Taiwan sees role as arms supplier for West as it launches new warship

Navy officers march during the official ceremony for the new Tuo Chiang-class corvettes in Yilan, Taiwan on Dec 15, 2020. (Photo: Reuters/Ann Wang)

SUAO, Taiwan: Taiwan may become a supplier of weapons to Western democracies, said President Tsai Ing-wen on Tuesday (Dec 15), praising the island's ramped up weapons-design ability as she launched an advanced, missile-laden warship and commissioned a new minelayer.

Tsai has made boosting the defence of Taiwan a priority in the face of a growing military challenge from Beijing, which has never renounced the use of force to bring democratic Taiwan under its control.

While Taiwan's air force has benefited from big-ticket items such as new and upgraded F-16s, the navy is Tsai's next focus, with submarines in production and the Tuesday launch of the first of a fleet of highly manoeuvrable stealth corvettes.

The new Tuo Chiang-class corvettes, a prototype of which is already in operation, has been dubbed by Taiwan's navy the "aircraft carrier killer" due to its complement of anti-ship missiles. It can also carry Sky Sword anti-aircraft missiles.

READ: China launches 'grey-zone' warfare to subdue Taiwan

Speaking in the eastern port city of Suao for the launch of the Ta Chiang, the first mass production ship of the Tuo Chiang-class, Tsai said the vessel and the new minelayer would deter attacks and showcased Taiwan's research and development ability.

"We have the determination and capability to complete the task of building our own ships, letting the world see our defence research and development energy," Tsai said.

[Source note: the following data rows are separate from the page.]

lemma edgesE:
  assumes "(x,y) \<in> edges n w r"
  obtains (closure) p where "p \<in> {1..n}" "x = (length w,p)" "y = (0,p)"
  | (passing) j p where "j < length w" "p \<in> {1..n}" "p \<noteq> fst (w!j)" "p \<noteq> Suc (fst (w!j))" "x = (j,p)" "y = (Suc j,p)"
  | (smooth) j p where "j < length w" "braidlike_smoothed w r j" "p = fst (w!j) \<or> p = Suc (fst (w!j))" "x = (j,p)" "y = (Suc j,p)"
  | (turn_low) j where "j < length w" "\<not> braidlike_smoothed w r j" "x = (j, fst (w!j))" "y = (j, Suc (fst (w!j)))"
  | (turn_high) j where "j < length w" "\<not> braidlike_smoothed w r j" "x = (Suc j, fst (w!j))" "y = (Suc j, Suc (fst (w!j)))"
  using assms unfolding edges_def
  apply (elim UnE CollectE exE conjE)
  apply (simp_all only: prod.inject)
  apply (elim conjE)
  apply blast+
  done

lemma edges_closure: "p \<in> {1..n} \<Longrightarrow> ((length w,p),(0,p)) \<in> edges n w r"
  unfolding edges_def by (intro UnI1) auto
lemma edges_passing: "j < length w \<Longrightarrow> p \<in> {1..n} \<Longrightarrow> p \<noteq> fst (w!j) \<Longrightarrow> p \<noteq> Suc (fst (w!j)) \<Longrightarrow> ((j,p),(Suc j,p)) \<in> edges n w r"
  unfolding edges_def apply (rule UnI1, rule UnI1, rule UnI1, rule UnI2) by auto
lemma edges_smooth: "j < length w \<Longrightarrow> braidlike_smoothed w r j \<Longrightarrow> p = fst (w!j) \<or> p = Suc (fst (w!j)) \<Longrightarrow> ((j,p),(Suc j,p)) \<in> edges n w r"
  unfolding edges_def apply (rule UnI1, rule UnI1, rule UnI2) by auto
lemma edges_turn_low: "j < length w \<Longrightarrow> \<not> braidlike_smoothed w r j \<Longrightarrow> ((j, fst (w!j)),(j, Suc (fst (w!j)))) \<in> edges n w r"
  unfolding edges_def apply (rule UnI1, rule UnI2) by auto
lemma edges_turn_high: "j < length w \<Longrightarrow> \<not> braidlike_smoothed w r j \<Longrightarrow> ((Suc j, fst (w!j)),(Suc j, Suc (fst (w!j)))) \<in> edges n w r"
  unfolding edges_def apply (rule UnI2) by auto
lemma second_level_entries:
  fixes H :: "nat \<Rightarrow> nat \<Rightarrow> 'a::ring_1" and a b c d b0 :: 'a
  defines "k \<equiv> rinv b0"
  assumes H: "H 1 1 = 1 - rinv (d - 1) * d * k" "H 1 2 = 1 - rinv (c - 1) * c * k"
      "H 2 1 = 1 - rinv (b - 1) * b * k" "H 2 2 = 1 - rinv (a - 1) * a * k"
    and u: "is_unit a" "is_unit (a - 1)" "is_unit (b - 1)" "is_unit (c - 1)"
      "is_unit (b - a)" "is_unit (c - a)" "is_unit b0"
  shows "rinv (H 2 2 - 1) = - (b0 * rinv a * (a - 1))"
    and "(H 1 1 - 1) - (H 1 2 - 1) * rinv (H 2 2 - 1) * (H 2 1 - 1)
      = - ((rinv (d - 1) * d - rinv (c - 1) * c * rinv a * (a - 1) * rinv (b - 1) * b) * k)"
    and "H 2 2 - H 2 1 = (rinv (b - 1) - rinv (a - 1)) * k"
    and "H 2 2 - H 1 2 = (rinv (c - 1) - rinv (a - 1)) * k"
    and "is_unit (H 2 2 - 1)" and "is_unit (H 2 2 - H 2 1)" and "is_unit (H 2 2 - H 1 2)"
proof -
  define ai pi qi ri where "ai = rinv a" "pi = rinv (a - 1)" "qi = rinv (b - 1)" "ri = rinv (c - 1)"
  note defs = ai_pi_qi_ri_def
  have ip: "(a - 1) * pi = 1" "pi * (a - 1) = 1" and iq: "(b - 1) * qi = 1" "qi * (b - 1) = 1"
    and ir: "(c - 1) * ri = 1" "ri * (c - 1) = 1" and ik: "b0 * k = 1" "k * b0 = 1"
    using u by (simp_all add: defs k_def right_rinv left_rinv)
  have uk: "is_unit k" "rinv k = b0" using u(7) by (simp_all add: k_def is_unit_rinv rinv_rinv)
  have \<delta>1: "H 2 2 - 1 = - (pi * a * k)" unfolding H defs by simp
  show "is_unit (H 2 2 - 1)" unfolding \<delta>1 using u uk(1)
    by (simp add: defs is_unit_mult is_unit_rinv is_unit_uminus)
  show s: "rinv (H 2 2 - 1) = - (b0 * rinv a * (a - 1))"
    unfolding \<delta>1 using u uk
    by (simp add: defs is_unit_mult is_unit_rinv rinv_uminus rinv_mult rinv_rinv mult.assoc)
  have kb: "k * (b0 * z) = z" for z using ik by (simp add: mult.assoc[symmetric])
  show "(H 1 1 - 1) - (H 1 2 - 1) * rinv (H 2 2 - 1) * (H 2 1 - 1)
      = - ((rinv (d - 1) * d - rinv (c - 1) * c * rinv a * (a - 1) * rinv (b - 1) * b) * k)"
    unfolding s unfolding H by (simp add: algebra_simps kb)
  have "pi * a = 1 + pi" "qi * b = 1 + qi" "ri * c = 1 + ri"
    using ip iq ir by (simp_all add: algebra_simps)
  then show \<delta>\<gamma>: "H 2 2 - H 2 1 = (rinv (b - 1) - rinv (a - 1)) * k"
    and \<delta>\<beta>: "H 2 2 - H 1 2 = (rinv (c - 1) - rinv (a - 1)) * k"
    unfolding H defs[symmetric] by (simp_all add: algebra_simps)
  have "qi - pi = qi * ((a - 1) * pi) - (qi * (b - 1)) * pi"
    "ri - pi = ri * ((a - 1) * pi) - (ri * (c - 1)) * pi"
    using ip iq ir by simp_all
  then have "qi - pi = qi * (a - b) * pi" "ri - pi = ri * (a - c) * pi"
    by (simp_all add: algebra_simps)
  then show "is_unit (H 2 2 - H 2 1)" "is_unit (H 2 2 - H 1 2)"
    unfolding \<delta>\<gamma> \<delta>\<beta> defs[symmetric] using u uk(1)
    by (simp_all add: defs is_unit_mult is_unit_rinv is_unit_minus_commute)
qed
text \<open>Two upward out-edges at \<open>u\<close> stay out-edges one step up, since
  directions below \<open>N\<close> are always upward and \<open>U\<close> is an up-set; two upward in-edges at
  \<open>u\<close> are impossible, since at least one of them has a direction below \<open>N\<close>.\<close>

lemma upward_out_edge_persists:
  assumes up: "upset N U" and u: "cube_vertex (Suc N) u" and ij: "i \<noteq> j" "i < Suc N" "j < Suc N"
    and fresh: "i \<notin> u" "j \<notin> u" and out_j: "lift_out N U {} u j"
  shows "lift_out N U {} (flip u {i}) j"
proof (cases "j < N")
  case True
  then show ?thesis using fresh ij by (simp add: lift_out_below mem_flip)
next
  case False
  then have jN: "j = N" and iN: "i < N" using ij by auto
  have "u - {N} \<in> U" using out_j jN fresh by (simp add: lift_out_top)
  moreover have "u - {N} \<subseteq> flip u {i} - {N}" using fresh by (auto simp: flip_def)
  moreover have "flip u {i} - {N} \<subseteq> {..<N}" using u iN
    by (auto simp: flip_def cube_vertex_def less_Suc_eq)
  ultimately have "flip u {i} - {N} \<in> U" using up unfolding upset_def by blast
  moreover have "N \<notin> flip u {i}" using fresh jN iN by (simp add: mem_flip)
  ultimately show ?thesis using jN by (simp add: lift_out_top)
qed
lemma switch_after_exit:
  assumes "k \<le> K" "e < k" "v @ map (play_ev \<sigma>x ys Zs) [0..<2 * Suc e] \<notin> S"
    and "\<forall>j<e. v @ map (play_ev \<sigma>x ys Zs) [0..<2 * Suc j] \<in> S"
  shows "switch_vec S \<sigma>x \<tau>x v (map ys [0..<k]) (map Zs [0..<K]) =
           \<tau>x (v @ map (play_ev \<sigma>x ys Zs) [0..<2 * Suc e]) (drop (Suc e) (map ys [0..<k])) (drop (Suc e) (map Zs [0..<K])) \<and>
         switch_bound S \<sigma>x \<sigma>n \<tau>n v (map ys [0..<k]) (map Zs [0..<K]) =
           \<tau>n (v @ map (play_ev \<sigma>x ys Zs) [0..<2 * Suc e]) (drop (Suc e) (map ys [0..<k])) (drop (Suc e) (map Zs [0..<K]))"
proof -
  let ?ex = "exits_at S \<sigma>x v (map ys [0..<k]) (map Zs [0..<K])"
  have ex: "?ex e" using exits_at_iff[OF assms(1)] assms(2,3) by blast
  have least: "(LEAST j. ?ex j) = e"
  proof (rule Least_equality[where P="?ex", OF ex])
    fix j assume "?ex j"
    then show "e \<le> j" using exits_at_iff[OF assms(1)] assms(4) by (meson not_le)
  qed
  have pos: "strategy_position \<sigma>x v (map ys [0..<k]) (map Zs [0..<K]) (Suc e) = v @ map (play_ev \<sigma>x ys Zs) [0..<2 * Suc e]"
    using strategy_position_eq[of "Suc e" k K \<sigma>x v ys Zs] assms(1,2) by simp
  show ?thesis unfolding switch_vec_def switch_bound_def least pos using ex by auto
qed

lemma switch_play_moves:
  assumes exit: "v @ map (play_ev \<sigma>x ys Zs) [0..<2 * Suc e] \<notin> S"
    and before: "\<forall>j<e. v @ map (play_ev \<sigma>x ys Zs) [0..<2 * Suc j] \<in> S"
  defines "q \<equiv> v @ map (play_ev \<sigma>x ys Zs) [0..<2 * Suc e]"
  shows "k \<le> e \<Longrightarrow> xs_ev (switch_vec S \<sigma>x \<tau>x v) ys Zs k = xs_ev \<sigma>x ys Zs k"
    and "k \<le> e \<Longrightarrow> ns_ev (switch_bound S \<sigma>x \<sigma>n \<tau>n v) ys Zs k = ns_ev \<sigma>n ys Zs k"
    and "xs_ev (switch_vec S \<sigma>x \<tau>x v) ys Zs (Suc e + i) = xs_ev (\<tau>x q) (\<lambda>i. ys (Suc e + i)) (\<lambda>i. Zs (Suc e + i)) i"
    and "ns_ev (switch_bound S \<sigma>x \<sigma>n \<tau>n v) ys Zs (Suc e + i) = ns_ev (\<tau>n q) (\<lambda>i. ys (Suc e + i)) (\<lambda>i. Zs (Suc e + i)) i"
    and "j < 2 * Suc e \<Longrightarrow> play_ev (switch_vec S \<sigma>x \<tau>x v) ys Zs j = play_ev \<sigma>x ys Zs j"
proof -
  have low: "xs_ev (switch_vec S \<sigma>x \<tau>x v) ys Zs k = xs_ev \<sigma>x ys Zs k \<and>
             ns_ev (switch_bound S \<sigma>x \<sigma>n \<tau>n v) ys Zs k = ns_ev \<sigma>n ys Zs k" if "k \<le> e" for k
  proof -
    have "\<forall>j<k. v @ map (play_ev \<sigma>x ys Zs) [0..<2 * Suc j] \<in> S" using before that by simp
    then show ?thesis
      using switch_before_exit[where k=k and K="Suc k" and v=v and \<sigma>x=\<sigma>x and ys=ys and Zs=Zs and S=S
          and \<tau>x=\<tau>x and \<sigma>n=\<sigma>n and \<tau>n=\<tau>n]
      unfolding xs_ev_def ns_ev_def by simp
  qed
  then show "k \<le> e \<Longrightarrow> xs_ev (switch_vec S \<sigma>x \<tau>x v) ys Zs k = xs_ev \<sigma>x ys Zs k"
    and "k \<le> e \<Longrightarrow> ns_ev (switch_bound S \<sigma>x \<sigma>n \<tau>n v) ys Zs k = ns_ev \<sigma>n ys Zs k" by blast+
  show "xs_ev (switch_vec S \<sigma>x \<tau>x v) ys Zs (Suc e + i) = xs_ev (\<tau>x q) (\<lambda>i. ys (Suc e + i)) (\<lambda>i. Zs (Suc e + i)) i"
    and "ns_ev (switch_bound S \<sigma>x \<sigma>n \<tau>n v) ys Zs (Suc e + i) = ns_ev (\<tau>n q) (\<lambda>i. ys (Suc e + i)) (\<lambda>i. Zs (Suc e + i)) i"
    using switch_after_exit[where k="Suc e + i" and K="Suc (Suc e + i)" and e=e and \<tau>x=\<tau>x and \<sigma>n=\<sigma>n
        and \<tau>n=\<tau>n, OF _ _ exit before]
      drop_map_upt[of "Suc e" "Suc e + i" ys] drop_map_upt[of "Suc e" "Suc (Suc e + i)" Zs]
    unfolding xs_ev_def ns_ev_def q_def by simp_all
  show "play_ev (switch_vec S \<sigma>x \<tau>x v) ys Zs j = play_ev \<sigma>x ys Zs j" if "j < 2 * Suc e"
  proof (cases "even j")
    case True
    then obtain k where "j = 2 * k" by (rule evenE)
    then show ?thesis using low[of k] that unfolding play_ev_def by simp
  next
    case False
    then obtain k where "j = Suc (2 * k)" by (metis oddE Suc_eq_plus1)
    then show ?thesis unfolding play_ev_def by simp
  qed
qed

context
  fixes S T :: "'f::field vec list set" and W :: "'f vec set" and A :: "(nat \<Rightarrow> 'f vec) set"
    and v :: "'f vec list" and \<sigma>x :: "'f vec list \<Rightarrow> 'f vec set list \<Rightarrow> 'f vec"
    and \<sigma>n :: "'f vec list \<Rightarrow> 'f vec set list \<Rightarrow> nat"
    and \<tau>x :: "'f vec list \<Rightarrow> 'f vec list \<Rightarrow> 'f vec set list \<Rightarrow> 'f vec"
    and \<tau>n :: "'f vec list \<Rightarrow> 'f vec list \<Rightarrow> 'f vec set list \<Rightarrow> nat"
    and ys :: "nat \<Rightarrow> 'f vec" and Zs :: "nat \<Rightarrow> 'f vec set"
  assumes ev: "even (length v)" and ST: "S \<subseteq> T" and st: "I_strategy_in S W v A \<sigma>x \<sigma>n"
    and \<tau>: "\<And>q. q \<in> T \<Longrightarrow> prefix v q \<Longrightarrow> q \<notin> S \<Longrightarrow> even (length q) \<Longrightarrow> I_strategy_in T W q A (\<tau>x q) (\<tau>n q)"
begin

lemma switch_play_inside:
  assumes inside: "\<forall>j. v @ map (play_ev \<sigma>x ys Zs) [0..<2 * Suc j] \<in> S"
  shows "(\<forall>k. (\<forall>j\<le>k. II_ok_ev T W v (switch_vec S \<sigma>x \<tau>x v) (switch_bound S \<sigma>x \<sigma>n \<tau>n v) ys Zs j) \<longrightarrow>
              I_ok_ev T v (switch_vec S \<sigma>x \<tau>x v) ys Zs k) \<and>
         ((\<forall>k. II_ok_ev T W v (switch_vec S \<sigma>x \<tau>x v) (switch_bound S \<sigma>x \<sigma>n \<tau>n v) ys Zs k) \<longrightarrow>
              outcome v (play_ev (switch_vec S \<sigma>x \<tau>x v) ys Zs) \<in> A)"
proof -
  let ?sx = "switch_vec S \<sigma>x \<tau>x v" and ?sn = "switch_bound S \<sigma>x \<sigma>n \<tau>n v"
  note S_wins = st[unfolded I_strategy_in_even[OF ev], rule_format, of ys Zs]
  have xs_k: "xs_ev ?sx ys Zs k = xs_ev \<sigma>x ys Zs k" and ns: "ns_ev ?sn ys Zs k = ns_ev \<sigma>n ys Zs k" for k
    using switch_before_exit[where k=k and K="Suc k" and v=v and \<sigma>x=\<sigma>x and ys=ys and Zs=Zs and S=S
        and \<tau>x=\<tau>x and \<sigma>n=\<sigma>n and \<tau>n=\<tau>n] inside
    unfolding xs_ev_def ns_ev_def by simp_all
  have xs: "xs_ev ?sx ys Zs = xs_ev \<sigma>x ys Zs" using xs_k by (rule ext)
  have play: "play_ev ?sx ys Zs = play_ev \<sigma>x ys Zs" unfolding play_ev_def xs ..
  have II: "II_ok_ev S W v \<sigma>x \<sigma>n ys Zs j" if "II_ok_ev T W v ?sx ?sn ys Zs j" for j
  proof (cases j)
    case (Suc j')
    have "v @ map (play_ev \<sigma>x ys Zs) [0..<2 * j] \<in> S" using inside unfolding Suc by blast
    then show ?thesis using that unfolding II_ok_ev_def ns play by simp
  qed (use that in \<open>simp add: II_ok_ev_def\<close>)
  have I: "I_ok_ev T v ?sx ys Zs k" if "I_ok_ev S v \<sigma>x ys Zs k" for k
    using that ST unfolding I_ok_ev_def xs play by auto
  show ?thesis using S_wins II I play by metis
qed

"In the future, we may also become a supply source of related equipment and components in Western democracies, driving the upgrading of the defence industry," she said.

READ: Taiwan to 'protect its sovereignty' with new submarines amid China tensions: President Tsai

The United States is Taiwan's main foreign source of weapons. Most countries shy away from arming the island, wary of angering Beijing and loosing valuable commercial contracts with the world's second-largest economy.

Tsai, re-elected in a landslide in January on a vow to stand up to China, has championed the concept of "asymmetric warfare", focusing on high-tech, mobile weapons designed to make any Chinese attack as difficult as possible.

She has bolstered the domestic arms industry to try to make Taiwan as self-sufficient as possible.